A El Hierro, les éléments fournissent toute l’énergie

Fouettée par les eaux, balayée par le vent, écrasée par le soleil: une petite île des Canaries a transformé cette triple malédiction en cadeau des dieux. Et décider d’exploiter tout le potentiel de ces énergies inépuisables.

El Hierro, déclarée réserve mondiale de la biosphère depuis 2001, entend être la première île à s’alimenter uniquement en électricité fabriquée à partir de l’hydraulique, de l’éolien et du solaire.

C’est un système original qui va être instauré sur cette île de 276 km2 : une savante association des énergies de l’eau, du vent et du soleil. L’électricité emmagasinée par les éoliennes servira à alimenter une centrale hydroélectrique.

Celle-ci pompera de l’eau qui sera stockée en hauteur comme réserve d’énergie : en cas d’absence de vent ou de soleil insuffisant, elle pourra redescendre vers un bassin inférieur et produire de l’électricité par ce déplacement au travers de turbines.

Schema El hierro
Schéma explicatif du modèle El Hierro

L’eau de mer sera également désalinisée, grâce à l’énergie éolienne, pour la consommation des 10 000 habitants de l’ile. Ce projet devrait sortir de terre et être inauguré d’ici 10 mois. Dans un second temps, 500 mètres carrés de panneaux solaires seront déployés pour produire de l’eau chaude.

Le coût de l’initiative est évalué à 55 millions d’euros, assumé en partie par l’Etat espagnol. Mais il pourrait éviter chaque année l’achat de 40 000 barrils de pétrole, soit une dépense d’environ 1,8 millions d’euros. Et éviter aussi l’émission de 18700 tonnes de CO2.
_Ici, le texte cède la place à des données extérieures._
(* Let $f:D\to\{0,1\}$, $D\subseteq\{0,1\}^n$, be a non-constant $n$-bit partial Boolean function that depends on $k$ bits and can be computed exactly by a quantum 1-query algorithm. Then $\mathrm{rank}(G_f(1,0))\in\{1,\dots,n\}$, $\mathrm{rank}(G_f(1,1))\in\{1,\dots,n\}$, and $$\mathrm{rank}(G_f(1,0))+\mathrm{rank}(G_f(1,1))\le 2n+2-k.$$
   Context: An $n$-bit partial Boolean function is a map $f:D\to\{0,1\}$ with $D\subseteq\{0,1\}^n$. For $x\in\{0,1\}^n$ let $|P(x)\rangle_1=(1,x_1,\dots,x_n)^T\in\mathbb{R}^{n+1}$. For $b\in\{0,1\}$, $G_f(1,b)$ is the $(n+1)\times|\{x\in D:f(x)=b\}|$ matrix whose columns are the vectors $|P(x)\rangle_1$ for all $x\in D$ with $f(x)=b$. $f$ depends on $k$ bits if $k$ is the minimum, over all multilinear polynomials $p$ with $p(x)=f(x)$ for all $x\in D$, of the number of variables occurring in $p$. A quantum 1-query algorithm works in a finite-dimensional Hilbert space with orthonormal basis $\{|i,j'\rangle\}$, $i\in\{0,\dots,n\}$; the oracle is $O_x|i,j'\rangle=(-1)^{x_i}|i,j'\rangle$ for $i\ge1$, $O_x|0,j'\rangle=|0,j'\rangle$; the algorithm applies input-independent unitaries $U_0,O_x,U_1$ to an initial state and performs a projective measurement with outcomes in $\{0,1\}$; it computes $f$ exactly if for every $x\in D$ the outcome is $f(x)$ with probability 1. *)

theory Defs
  imports "Jordan_Normal_Form.Schur_Decomposition" "Jordan_Normal_Form.DL_Rank"
          "HOL-Library.List_Lexorder"
begin

text \<open>Inputs x in {0,1}^n are boolean lists of length n; bit x_i (1 <= i <= n) is x ! (i - 1).
  A partial Boolean function is a pair (D, f) with D a set of such lists and f :: bool list => bool
  (only its values on D matter).\<close>

definition bits :: "nat \<Rightarrow> bool list set" where
  "bits n = {x. length x = n}"

definition bit_val :: "bool \<Rightarrow> 'a::zero_neq_one" where
  "bit_val b = (if b then 1 else 0)"

definition Pvec1 :: "nat \<Rightarrow> bool list \<Rightarrow> real vec" where
  "Pvec1 n x = vec (n + 1) (\<lambda>i. if i = 0 then 1 else bit_val (x ! (i - 1)))"

text \<open>G_f(1,b): the (n+1) x |{x in D. f x = b}| matrix whose columns are the |P(x)>_1
  (columns listed in lexicographic order of x; the order does not affect the rank).\<close>
definition Gf1 :: "nat \<Rightarrow> bool list set \<Rightarrow> (bool list \<Rightarrow> bool) \<Rightarrow> bool \<Rightarrow> real mat" where
  "Gf1 n D f b = mat_of_cols (n + 1) (map (Pvec1 n) (sorted_list_of_set {x \<in> D. f x = b}))"

text \<open>Multilinear polynomials in x_1..x_n with real coefficients, given by a coefficient
  function on subsets S of the (0-based) variable indices {0..<n}: p(x) = sum_S c_S prod_{i in S} x_i.\<close>
definition mlpoly_eval :: "nat \<Rightarrow> (nat set \<Rightarrow> real) \<Rightarrow> bool list \<Rightarrow> real" where
  "mlpoly_eval n c x = (\<Sum>S\<in>Pow {0..<n}. c S * (\<Prod>i\<in>S. bit_val (x ! i)))"

definition mlpoly_vars :: "nat \<Rightarrow> (nat set \<Rightarrow> real) \<Rightarrow> nat set" where
  "mlpoly_vars n c = \<Union> {S \<in> Pow {0..<n}. c S \<noteq> 0}"

definition depends_on_bits :: "nat \<Rightarrow> bool list set \<Rightarrow> (bool list \<Rightarrow> bool) \<Rightarrow> nat \<Rightarrow> bool" where
  "depends_on_bits n D f k \<longleftrightarrow>
     k = (LEAST m. \<exists>c. (\<forall>x\<in>D. mlpoly_eval n c x = bit_val (f x)) \<and> card (mlpoly_vars n c) = m)"

text \<open>Quantum 1-query algorithms. The Hilbert space has orthonormal basis |i,j'>, i in {0..n},
  j' in {0..<w} (w >= 1 workspace dimension); |i,j'> is the standard basis vector with index i*w + j'.\<close>

definition query_op :: "nat \<Rightarrow> nat \<Rightarrow> bool list \<Rightarrow> complex mat" where
  "query_op n w x = mat ((n + 1) * w) ((n + 1) * w)
     (\<lambda>(r, s). if r = s then (if r div w = 0 then 1 else (if x ! (r div w - 1) then -1 else 1)) else 0)"

definition unitary_mat :: "nat \<Rightarrow> complex mat \<Rightarrow> bool" where
  "unitary_mat N U \<longleftrightarrow> U \<in> carrier_mat N N \<and> mat_adjoint U * U = 1\<^sub>m N"

definition proj_mat :: "nat \<Rightarrow> complex mat \<Rightarrow> bool" where
  "proj_mat N P \<longleftrightarrow> P \<in> carrier_mat N N \<and> mat_adjoint P = P \<and> P * P = P"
Et le Gouvernement des Canaries entend déjà disséminer le concept d’île auto-suffisante. « La Crête ou Madère pourraient s’en inspirer » souligne-t-il dans une étude dédiée. Il ajoute que 13 millions d’européens et 600 millions de personnes dans le monde vivent dans des îles. En espérant que ce projet, initié sur un petit paradis isolé, puisse s’exporter sur des îles plus développées et plus peuplées.